- **What to do**
Tally the lines in the listing below that contain "definition" and report the tally alone.
=======
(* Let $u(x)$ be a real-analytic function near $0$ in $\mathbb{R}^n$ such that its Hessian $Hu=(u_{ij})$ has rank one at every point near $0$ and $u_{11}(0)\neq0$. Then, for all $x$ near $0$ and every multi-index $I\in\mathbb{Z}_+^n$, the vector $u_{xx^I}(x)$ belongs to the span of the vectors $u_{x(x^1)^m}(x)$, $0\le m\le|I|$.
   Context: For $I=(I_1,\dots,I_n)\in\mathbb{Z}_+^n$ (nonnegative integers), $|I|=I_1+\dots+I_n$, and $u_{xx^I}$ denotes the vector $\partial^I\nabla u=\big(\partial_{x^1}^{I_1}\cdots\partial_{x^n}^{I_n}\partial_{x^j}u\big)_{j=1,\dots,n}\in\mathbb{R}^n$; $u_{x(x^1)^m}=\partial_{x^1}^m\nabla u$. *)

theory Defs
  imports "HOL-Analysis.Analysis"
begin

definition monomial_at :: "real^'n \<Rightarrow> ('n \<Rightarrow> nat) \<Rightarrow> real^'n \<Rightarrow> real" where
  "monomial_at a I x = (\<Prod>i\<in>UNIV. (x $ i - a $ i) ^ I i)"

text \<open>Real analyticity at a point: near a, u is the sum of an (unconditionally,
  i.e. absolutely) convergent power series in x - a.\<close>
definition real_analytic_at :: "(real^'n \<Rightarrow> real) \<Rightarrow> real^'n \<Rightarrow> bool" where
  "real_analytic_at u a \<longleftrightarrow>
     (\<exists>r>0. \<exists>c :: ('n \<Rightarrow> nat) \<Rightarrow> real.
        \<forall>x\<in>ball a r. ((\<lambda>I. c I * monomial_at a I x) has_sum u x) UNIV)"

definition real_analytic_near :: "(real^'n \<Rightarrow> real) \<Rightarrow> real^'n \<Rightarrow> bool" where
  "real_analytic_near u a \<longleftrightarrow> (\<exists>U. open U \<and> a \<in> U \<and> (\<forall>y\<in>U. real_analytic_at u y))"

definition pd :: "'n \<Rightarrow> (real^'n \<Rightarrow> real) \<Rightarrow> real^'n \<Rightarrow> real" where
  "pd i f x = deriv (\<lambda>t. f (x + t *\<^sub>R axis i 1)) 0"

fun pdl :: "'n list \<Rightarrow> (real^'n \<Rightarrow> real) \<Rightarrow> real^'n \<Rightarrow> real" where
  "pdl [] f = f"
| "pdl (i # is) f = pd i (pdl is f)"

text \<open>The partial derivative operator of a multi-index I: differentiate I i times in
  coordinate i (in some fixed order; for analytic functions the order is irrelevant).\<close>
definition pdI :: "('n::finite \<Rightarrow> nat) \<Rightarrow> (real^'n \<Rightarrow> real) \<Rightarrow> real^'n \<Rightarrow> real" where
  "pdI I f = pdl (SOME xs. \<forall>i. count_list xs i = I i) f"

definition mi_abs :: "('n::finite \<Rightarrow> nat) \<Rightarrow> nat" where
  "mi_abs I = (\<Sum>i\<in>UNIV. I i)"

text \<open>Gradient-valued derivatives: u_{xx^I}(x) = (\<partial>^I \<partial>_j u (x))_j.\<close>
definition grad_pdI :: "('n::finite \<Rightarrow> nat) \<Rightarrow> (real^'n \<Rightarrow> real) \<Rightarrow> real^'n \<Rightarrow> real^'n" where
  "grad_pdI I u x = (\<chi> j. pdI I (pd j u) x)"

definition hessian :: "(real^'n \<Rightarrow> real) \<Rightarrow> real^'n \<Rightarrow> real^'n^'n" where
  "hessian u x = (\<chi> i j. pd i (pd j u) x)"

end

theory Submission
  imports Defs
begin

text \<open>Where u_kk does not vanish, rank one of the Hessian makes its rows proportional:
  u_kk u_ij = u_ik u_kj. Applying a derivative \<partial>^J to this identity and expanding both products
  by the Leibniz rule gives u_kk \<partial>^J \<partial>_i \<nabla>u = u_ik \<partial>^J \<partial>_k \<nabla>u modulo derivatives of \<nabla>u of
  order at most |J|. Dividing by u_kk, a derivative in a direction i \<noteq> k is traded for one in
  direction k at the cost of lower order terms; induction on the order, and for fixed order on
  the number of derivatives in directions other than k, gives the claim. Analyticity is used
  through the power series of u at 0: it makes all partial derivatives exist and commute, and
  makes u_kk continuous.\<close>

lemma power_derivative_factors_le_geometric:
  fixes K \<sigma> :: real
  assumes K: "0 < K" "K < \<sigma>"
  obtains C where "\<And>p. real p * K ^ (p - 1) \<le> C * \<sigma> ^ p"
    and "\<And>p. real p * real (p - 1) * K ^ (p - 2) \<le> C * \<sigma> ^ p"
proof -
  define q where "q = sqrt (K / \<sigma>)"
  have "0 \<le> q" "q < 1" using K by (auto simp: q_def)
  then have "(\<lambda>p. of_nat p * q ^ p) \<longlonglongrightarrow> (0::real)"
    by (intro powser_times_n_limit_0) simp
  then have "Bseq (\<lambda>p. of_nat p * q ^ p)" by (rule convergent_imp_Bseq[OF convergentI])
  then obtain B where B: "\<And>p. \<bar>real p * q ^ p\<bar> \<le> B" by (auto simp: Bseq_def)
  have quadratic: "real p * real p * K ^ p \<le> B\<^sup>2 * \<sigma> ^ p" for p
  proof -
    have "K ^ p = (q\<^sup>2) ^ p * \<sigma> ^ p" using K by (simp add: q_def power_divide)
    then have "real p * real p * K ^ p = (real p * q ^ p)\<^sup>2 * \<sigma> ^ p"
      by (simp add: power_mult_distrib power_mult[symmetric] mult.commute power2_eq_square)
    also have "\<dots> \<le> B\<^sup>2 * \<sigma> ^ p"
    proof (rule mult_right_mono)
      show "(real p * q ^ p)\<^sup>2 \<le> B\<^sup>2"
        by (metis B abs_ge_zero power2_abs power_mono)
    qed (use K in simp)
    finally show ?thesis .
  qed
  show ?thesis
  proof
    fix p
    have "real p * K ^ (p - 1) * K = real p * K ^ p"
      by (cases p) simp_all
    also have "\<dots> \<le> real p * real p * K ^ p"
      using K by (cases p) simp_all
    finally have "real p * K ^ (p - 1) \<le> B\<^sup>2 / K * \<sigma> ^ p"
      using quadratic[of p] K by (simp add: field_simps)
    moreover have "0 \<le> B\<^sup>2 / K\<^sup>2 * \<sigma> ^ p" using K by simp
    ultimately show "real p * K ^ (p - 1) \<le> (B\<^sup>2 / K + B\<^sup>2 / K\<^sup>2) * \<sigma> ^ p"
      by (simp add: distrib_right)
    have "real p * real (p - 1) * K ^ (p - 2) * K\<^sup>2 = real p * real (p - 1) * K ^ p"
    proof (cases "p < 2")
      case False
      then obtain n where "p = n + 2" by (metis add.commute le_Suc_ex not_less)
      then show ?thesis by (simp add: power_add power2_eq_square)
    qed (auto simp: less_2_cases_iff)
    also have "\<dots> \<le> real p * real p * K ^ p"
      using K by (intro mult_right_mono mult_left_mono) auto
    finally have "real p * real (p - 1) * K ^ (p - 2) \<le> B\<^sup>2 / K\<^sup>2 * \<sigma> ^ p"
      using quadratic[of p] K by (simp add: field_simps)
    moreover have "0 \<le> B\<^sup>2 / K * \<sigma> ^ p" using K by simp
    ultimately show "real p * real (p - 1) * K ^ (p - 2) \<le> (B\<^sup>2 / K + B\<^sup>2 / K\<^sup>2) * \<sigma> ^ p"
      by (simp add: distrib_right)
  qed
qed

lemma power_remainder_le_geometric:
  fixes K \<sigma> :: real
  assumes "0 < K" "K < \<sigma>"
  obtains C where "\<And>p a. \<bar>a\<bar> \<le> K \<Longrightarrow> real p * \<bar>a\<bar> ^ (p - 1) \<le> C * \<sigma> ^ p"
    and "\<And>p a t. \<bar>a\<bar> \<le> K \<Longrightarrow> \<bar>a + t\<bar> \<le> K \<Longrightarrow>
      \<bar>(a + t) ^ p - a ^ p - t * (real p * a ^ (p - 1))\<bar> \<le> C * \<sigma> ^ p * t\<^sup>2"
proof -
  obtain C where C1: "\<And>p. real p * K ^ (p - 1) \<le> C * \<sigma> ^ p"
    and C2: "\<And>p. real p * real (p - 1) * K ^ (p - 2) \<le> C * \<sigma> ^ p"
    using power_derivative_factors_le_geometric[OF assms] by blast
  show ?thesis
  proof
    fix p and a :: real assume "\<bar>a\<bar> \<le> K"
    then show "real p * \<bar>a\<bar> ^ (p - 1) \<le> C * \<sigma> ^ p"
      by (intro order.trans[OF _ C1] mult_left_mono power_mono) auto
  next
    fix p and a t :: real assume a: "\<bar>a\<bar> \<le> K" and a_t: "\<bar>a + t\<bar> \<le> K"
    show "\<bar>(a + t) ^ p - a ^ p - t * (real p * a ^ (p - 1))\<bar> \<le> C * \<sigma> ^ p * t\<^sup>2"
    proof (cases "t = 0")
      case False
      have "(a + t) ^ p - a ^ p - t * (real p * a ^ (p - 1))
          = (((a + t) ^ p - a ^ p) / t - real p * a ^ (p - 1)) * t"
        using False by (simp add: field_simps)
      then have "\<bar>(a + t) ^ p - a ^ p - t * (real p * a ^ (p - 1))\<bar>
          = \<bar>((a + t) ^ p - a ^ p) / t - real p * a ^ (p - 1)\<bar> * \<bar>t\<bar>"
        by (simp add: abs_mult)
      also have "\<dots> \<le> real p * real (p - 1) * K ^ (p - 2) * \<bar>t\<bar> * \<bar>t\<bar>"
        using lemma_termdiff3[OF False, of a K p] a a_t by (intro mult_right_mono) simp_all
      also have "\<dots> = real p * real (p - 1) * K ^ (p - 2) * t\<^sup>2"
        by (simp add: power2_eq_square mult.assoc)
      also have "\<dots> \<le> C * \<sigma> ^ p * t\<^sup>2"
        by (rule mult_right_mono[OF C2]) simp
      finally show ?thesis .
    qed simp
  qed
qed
=======
- **Solution for this exercise**
8